In the paper “Two-dimensional iterative processing for DAB receivers based on trellis-decomposition,” W. J. Houtum and F. M. J. Willems investigate trellis decoding and iterative techniques for digital audio broadcasting (DAB). Trellis-decomposition methods allow us to estimate the unknown channel phase, since this phase relates to the subtrellises. Simulations of this iterative approach applied to the TU-6 (COST207) channel show an improvement of 2.4 dB at a Doppler frequency of 10 Hz.
In the paper entitled “A power-efficient soft-output detector for spatial-multiplexing MIMO communications,” Wang et al. propose VLSI implementation of a configurable power-efficient MIMO detector that supports 4 × 4 spatial multiplexing and modulation from QPSK to 64-QAM. A novel tree search algorithm is also proposed to enable the detector to provide soft outputs and to be implemented in parallel and pipelined hardware architecture.

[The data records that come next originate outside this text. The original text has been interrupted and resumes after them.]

text \<open>Coefficients c_k (fractional centred difference weights). The reciprocal Gamma
  function rGamma is used, so that 1/Gamma at poles is 0, as intended.\<close>
definition frac_coeff :: "real \<Rightarrow> int \<Rightarrow> real" where
  "frac_coeff \<alpha> k = (-1) powi k * Gamma (\<alpha> + 1)
      * rGamma (\<alpha>/2 - of_int k + 1) * rGamma (\<alpha>/2 + of_int k + 1)"

definition kron :: "'a::times mat \<Rightarrow> 'a mat \<Rightarrow> 'a mat" where
  "kron A B = mat (dim_row A * dim_row B) (dim_col A * dim_col B)
     (\<lambda>(i,j). A $$ (i div dim_row B, j div dim_col B) * B $$ (i mod dim_row B, j mod dim_col B))"

text \<open>T_0: symmetric Toeplitz matrix, entries c_{i-j} (0-based indices; differences
  are index-shift invariant).\<close>
definition T0 :: "real \<Rightarrow> nat \<Rightarrow> real mat" where
  "T0 \<alpha> M = mat M M (\<lambda>(i,j). frac_coeff \<alpha> (int i - int j))"

text \<open>Hankel correction H. Paper indices i,j are 1-based, so with 0-based i,j the
  paper's i+j equals i+j+2.\<close>
definition Hank :: "real \<Rightarrow> nat \<Rightarrow> real mat" where
  "Hank \<alpha> M = mat M M (\<lambda>(i,j).
     let s = int i + int j + 2 in
     if s \<le> int M - 1 then frac_coeff \<alpha> s
     else if s \<le> int M + 2 then 0
     else frac_coeff \<alpha> (2 * int M + 2 - s))"

definition tauT1 :: "real \<Rightarrow> real \<Rightarrow> nat \<Rightarrow> real mat" where
  "tauT1 \<mu> \<alpha> M = \<mu> \<cdot>\<^sub>m T0 \<alpha> M - \<mu> \<cdot>\<^sub>m Hank \<alpha> M"

definition tauT2 :: "real \<Rightarrow> real \<Rightarrow> nat \<Rightarrow> real mat" where
  "tauT2 \<mu> \<alpha> M = kron (1\<^sub>m M) (tauT1 \<mu> \<alpha> M) + kron (tauT1 \<mu> \<alpha> M) (1\<^sub>m M)"

definition theta_const :: "real \<Rightarrow> real" where
  "theta_const \<alpha> = (1 - (1 + \<alpha>) / (5 + \<alpha>/2)) powr (5 + \<alpha>/2) * exp (1 + \<alpha>)
     * Gamma (\<alpha> + 1) * sin (pi * \<alpha> / 2) / (pi * \<alpha>)"

end

theory Submission
  imports Defs
begin

(* Write tau(T_1) = mu A with A = T_0 - H.  For 0 < alpha <= 2 the coefficients c_k are negative
   for k >= 1 and increase towards 0, and the partial sums satisfy c_0 + 2 (c_1 + ... + c_n) = 2 P n
   with P n = c_n (alpha/2 - n) / alpha positive and decreasing.  Hence A is symmetric with
   nonpositive off-diagonal entries and negative superdiagonal, its row sums are at least
   2 P (M - 1), strictly so in the first row, and expanding sum a_ij (x_i -+ x_j)^2 yields the strict
   bounds 2 P (M - 1) |x|^2 < x' A x < (2 c_0 - c_2 - 2 P (M - 1)) |x|^2 for x <> 0.  The quadratic
   form of I (x) A + A (x) I splits into the forms of A on the rows and on the columns of the
   eigenvector, which doubles both bounds.  Finally P n is a ratio of Gamma values, and log-convexity
   of Gamma together with the reflection formula gives P (M - 1) >= theta / (M + 1)^alpha. *)

section \<open>The coefficients \<open>c\<^sub>k\<close>\<close>

lemma frac_coeff_minus [simp]: "frac_coeff \<alpha> (- k) = frac_coeff \<alpha> k"
proof -
  have "(-1::real) powi (- k) = (-1) powi k"
    by (simp add: power_int_minus flip: power_int_inverse)
  then show ?thesis
    unfolding frac_coeff_def by (simp add: algebra_simps)
qed

lemma frac_coeff_abs: "frac_coeff \<alpha> \<bar>k\<bar> = frac_coeff \<alpha> k"
  by (cases "0 \<le> k") auto

lemma frac_coeff_0: "frac_coeff \<alpha> 0 = Gamma (\<alpha> + 1) / (Gamma (\<alpha>/2 + 1))\<^sup>2"
  unfolding frac_coeff_def by (simp add: rGamma_inverse_Gamma power2_eq_square field_simps)

lemma frac_coeff_0_pos:
  assumes "0 < \<alpha>" shows "0 < frac_coeff \<alpha> 0"
proof -
  have "0 < Gamma (\<alpha> + 1)" "0 < Gamma (\<alpha>/2 + 1)" using assms by simp_all
  then show ?thesis unfolding frac_coeff_0 by simp
qed

lemma frac_coeff_Suc_mult:
  "frac_coeff \<alpha> (int (Suc n)) * (real n + 1 + \<alpha>/2) = frac_coeff \<alpha> (int n) * (real n - \<alpha>/2)"
proof -
  have r1: "rGamma (\<alpha>/2 - of_int (int (Suc n)) + 1) = (\<alpha>/2 - real n) * rGamma (\<alpha>/2 - of_int (int n) + 1)"
    using rGamma_plus1[of "\<alpha>/2 - real n"] by simp
  have r2: "rGamma (\<alpha>/2 + of_int (int n) + 1) = (real n + 1 + \<alpha>/2) * rGamma (\<alpha>/2 + of_int (int (Suc n)) + 1)"
    using rGamma_plus1[of "\<alpha>/2 + real n + 1"] by (simp add: algebra_simps)
  have sgn: "(-1::real) powi int (Suc n) = - ((-1) powi int n)"
    by (simp add: power_int_add)
  show ?thesis
    unfolding frac_coeff_def r1 r2 sgn by (simp add: field_simps)
qed

lemma frac_coeff_Suc:
  assumes "0 < \<alpha>"
  shows "frac_coeff \<alpha> (int (Suc n)) = frac_coeff \<alpha> (int n) * ((real n - \<alpha>/2) / (real n + 1 + \<alpha>/2))"
proof -
  have "real n + 1 + \<alpha>/2 \<noteq> 0" using assms by linarith
  with frac_coeff_Suc_mult[of \<alpha> n] show ?thesis by (simp add: field_simps)
qed

text \<open>Since the \<open>c\<^sub>k\<close> sum to zero over \<open>\<int>\<close>, \<open>frac_tail \<alpha> n\<close> is the tail \<open>- (\<Sum>k>n. c\<^sub>k)\<close>.\<close>
definition frac_tail :: "real \<Rightarrow> nat \<Rightarrow> real" where
  "frac_tail \<alpha> n = frac_coeff \<alpha> (int n) * (\<alpha>/2 - real n) / \<alpha>"

lemma sum_frac_coeff_atMost:
  assumes "\<alpha> \<noteq> 0"
  shows "(\<Sum>k\<le>n. frac_coeff \<alpha> (int k)) = frac_coeff \<alpha> 0 / 2 + frac_tail \<alpha> n"
proof (induction n)
  case 0
  show ?case using assms by (simp add: frac_tail_def)
next
  case (Suc n)
  have "frac_tail \<alpha> n + frac_coeff \<alpha> (int (Suc n)) = frac_tail \<alpha> (Suc n)"
    using frac_coeff_Suc_mult[of \<alpha> n] assms unfolding frac_tail_def by (simp add: field_simps)
  with Suc show ?case by simp
qed

lemma sum_frac_coeff_row:
  assumes "\<alpha> \<noteq> 0" "i < M"
  shows "(\<Sum>j<M. frac_coeff \<alpha> (int i - int j)) = frac_tail \<alpha> i + frac_tail \<alpha> (M - 1 - i)"
proof -
  have left: "(\<Sum>j<i. frac_coeff \<alpha> (int i - int j)) = (\<Sum>k\<le>i. frac_coeff \<alpha> (int k)) - frac_coeff \<alpha> 0"
  proof -
    have "(\<Sum>j<i. frac_coeff \<alpha> (int i - int j)) = (\<Sum>j<i. frac_coeff \<alpha> (int (Suc (i - Suc j))))"
      by (intro sum.cong) (auto simp: of_nat_diff)
    also have "\<dots> = (\<Sum>k<i. frac_coeff \<alpha> (int (Suc k)))"
      by (rule sum.nat_diff_reindex)
    also have "\<dots> = (\<Sum>k\<le>i. frac_coeff \<alpha> (int k)) - frac_coeff \<alpha> 0"
      by (simp add: sum.atMost_shift)
    finally show ?thesis .
  qed
  have right: "(\<Sum>j\<in>{i..<M}. frac_coeff \<alpha> (int i - int j)) = (\<Sum>k\<le>M - 1 - i. frac_coeff \<alpha> (int k))"
  proof -
    have "(\<Sum>j\<in>{i..<M}. frac_coeff \<alpha> (int i - int j)) = (\<Sum>k\<in>{0..<M - i}. frac_coeff \<alpha> (int i - int (k + i)))"
      using sum.shift_bounds_nat_ivl[of "\<lambda>j. frac_coeff \<alpha> (int i - int j)" 0 i "M - i"] assms(2) by simp
    also have "\<dots> = (\<Sum>k<Suc (M - 1 - i). frac_coeff \<alpha> (int k))"
      using assms(2) by (intro sum.cong) (auto simp: Suc_diff_Suc)
    finally show ?thesis by (simp only: lessThan_Suc_atMost)
  qed
  have split: "{..<M} = {..<i} \<union> {i..<M}" using assms(2) by auto
  have "(\<Sum>j<M. frac_coeff \<alpha> (int i - int j))
      = (\<Sum>j<i. frac_coeff \<alpha> (int i - int j)) + (\<Sum>j\<in>{i..<M}. frac_coeff \<alpha> (int i - int j))"
    unfolding split by (rule sum.union_disjoint) auto
  then show ?thesis
    unfolding left right sum_frac_coeff_atMost[OF assms(1)] by simp
qed

lemma frac_tail_Suc:
  assumes "0 < \<alpha>"
  shows "frac_tail \<alpha> (Suc n) = frac_tail \<alpha> n * ((real n + 1 - \<alpha>/2) / (real n + 1 + \<alpha>/2))"
proof -
  have ne: "real n + 1 + \<alpha>/2 \<noteq> 0" "\<alpha> \<noteq> 0" using assms by linarith+
  have tail: "frac_tail \<alpha> n = - frac_coeff \<alpha> (int (Suc n)) * (real n + 1 + \<alpha>/2) / \<alpha>"
    using frac_coeff_Suc_mult[of \<alpha> n] ne unfolding frac_tail_def by (simp add: field_simps)
  have cancel: "(- x * d / \<alpha>) * (e / d) = - x * e / \<alpha>" if "d \<noteq> 0" for x d e :: real
    using that by simp
  show ?thesis
    unfolding tail cancel[OF ne(1)] frac_tail_def[of \<alpha> "Suc n"] by (simp add: algebra_simps)
qed

lemma frac_tail_pochhammer:
  assumes "0 < \<alpha>"
  shows "frac_tail \<alpha> n = frac_coeff \<alpha> 0 / 2 * pochhammer (1 - \<alpha>/2) n / pochhammer (1 + \<alpha>/2) n"
proof (induction n)
  case 0
  show ?case using assms by (simp add: frac_tail_def)
next
  case (Suc n)
  have "pochhammer (1 + \<alpha>/2) n \<noteq> 0" "1 + \<alpha>/2 + real n \<noteq> 0"
    using assms pochhammer_pos[of "1 + \<alpha>/2" n] by auto
  then have "frac_tail \<alpha> (Suc n)
      = frac_coeff \<alpha> 0 / 2 * (pochhammer (1 - \<alpha>/2) n * (1 - \<alpha>/2 + real n))
        / (pochhammer (1 + \<alpha>/2) n * (1 + \<alpha>/2 + real n))"
    unfolding frac_tail_Suc[OF assms] Suc by (simp add: field_simps)
  then show ?case by (simp add: pochhammer_Suc)
qed

context
  fixes \<alpha> :: real
  assumes \<alpha>_pos: "0 < \<alpha>" and \<alpha>_le_2: "\<alpha> \<le> 2"
begin

lemma frac_coeff_1_neg: "frac_coeff \<alpha> 1 < 0"
  using frac_coeff_Suc[OF \<alpha>_pos, of 0] frac_coeff_0_pos[OF \<alpha>_pos] \<alpha>_pos
  by (simp add: mult_pos_neg divide_neg_pos)

lemma frac_coeff_Suc_ratio:
  assumes "1 \<le> n"
  obtains q where "frac_coeff \<alpha> (int (Suc n)) = frac_coeff \<alpha> (int n) * q" "0 \<le> q" "q \<le> 1"
proof
  show "frac_coeff \<alpha> (int (Suc n)) = frac_coeff \<alpha> (int n) * ((real n - \<alpha>/2) / (real n + 1 + \<alpha>/2))"
    by (rule frac_coeff_Suc[OF \<alpha>_pos])
qed (use assms \<alpha>_pos \<alpha>_le_2 in auto)

lemma frac_coeff_nonpos: "1 \<le> n \<Longrightarrow> frac_coeff \<alpha> (int n) \<le> 0"
proof (induction n rule: dec_induct)
  case base
  show ?case using frac_coeff_1_neg by simp
next
  case (step n)
  then show ?case by (metis frac_coeff_Suc_ratio mult_nonpos_nonneg)
qed

lemma frac_coeff_le_Suc: "1 \<le> n \<Longrightarrow> frac_coeff \<alpha> (int n) \<le> frac_coeff \<alpha> (int (Suc n))"
  by (metis frac_coeff_Suc_ratio frac_coeff_nonpos mult.right_neutral mult_left_mono_neg)

lemma frac_coeff_mono:
  assumes "1 \<le> m" "m \<le> n"
  shows "frac_coeff \<alpha> (int m) \<le> frac_coeff \<alpha> (int n)"
  using assms(2)
proof (induction n rule: dec_induct)
  case (step n)
  then show ?case using frac_coeff_le_Suc[of n] assms(1) by linarith
qed simp

lemma frac_coeff_1_less_2: "frac_coeff \<alpha> 1 < frac_coeff \<alpha> 2"
proof -
  define q where "q = (real 1 - \<alpha>/2) / (real 1 + 1 + \<alpha>/2)"
  have c2: "frac_coeff \<alpha> (int (Suc 1)) = frac_coeff \<alpha> (int 1) * q"
    unfolding q_def by (rule frac_coeff_Suc[OF \<alpha>_pos])
  have "q < 1" using \<alpha>_pos by (simp add: q_def)
  from mult_strict_left_mono_neg[OF this frac_coeff_1_neg] show ?thesis
    using c2 by (simp add: numeral_2_eq_2)
qed

lemma frac_tail_nonneg: "0 \<le> frac_tail \<alpha> n"
proof (induction n)
  case 0
  show ?case using frac_coeff_0_pos[OF \<alpha>_pos] \<alpha>_pos by (simp add: frac_tail_def)
next
  case (Suc n)
  have "0 \<le> (real n + 1 - \<alpha>/2) / (real n + 1 + \<alpha>/2)" using \<alpha>_pos \<alpha>_le_2 by simp
  with Suc show ?case unfolding frac_tail_Suc[OF \<alpha>_pos] by (rule mult_nonneg_nonneg)
qed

The paper entitled “Interference cancellation using replica signal for HTRCI-MIMO/OFDM in time-variant large delay spread longer than guard interval” focuses on the time domain ISI compensation through the replica signal insertion with the shifted channel impulse response. System models and complexity analysis are also provided. Exhaustive simulations are conducted to show their performance edge.
In the paper entitled “VLSI architectures for sliding-window-based space-time turbo trellis code decoders,” G. Passas and S. Freear present VLSI architectures of space-time turbo trellis coding decoders as well as of a set of SISO-MAP component channel decoders used in turbo coding based on sliding window. They consider space-time turbo-code receivers based on nonbinary trellises. Finally, measurements of complexity and decoding delay of several sliding window technique-based MAP decoder architectures are developed and compared.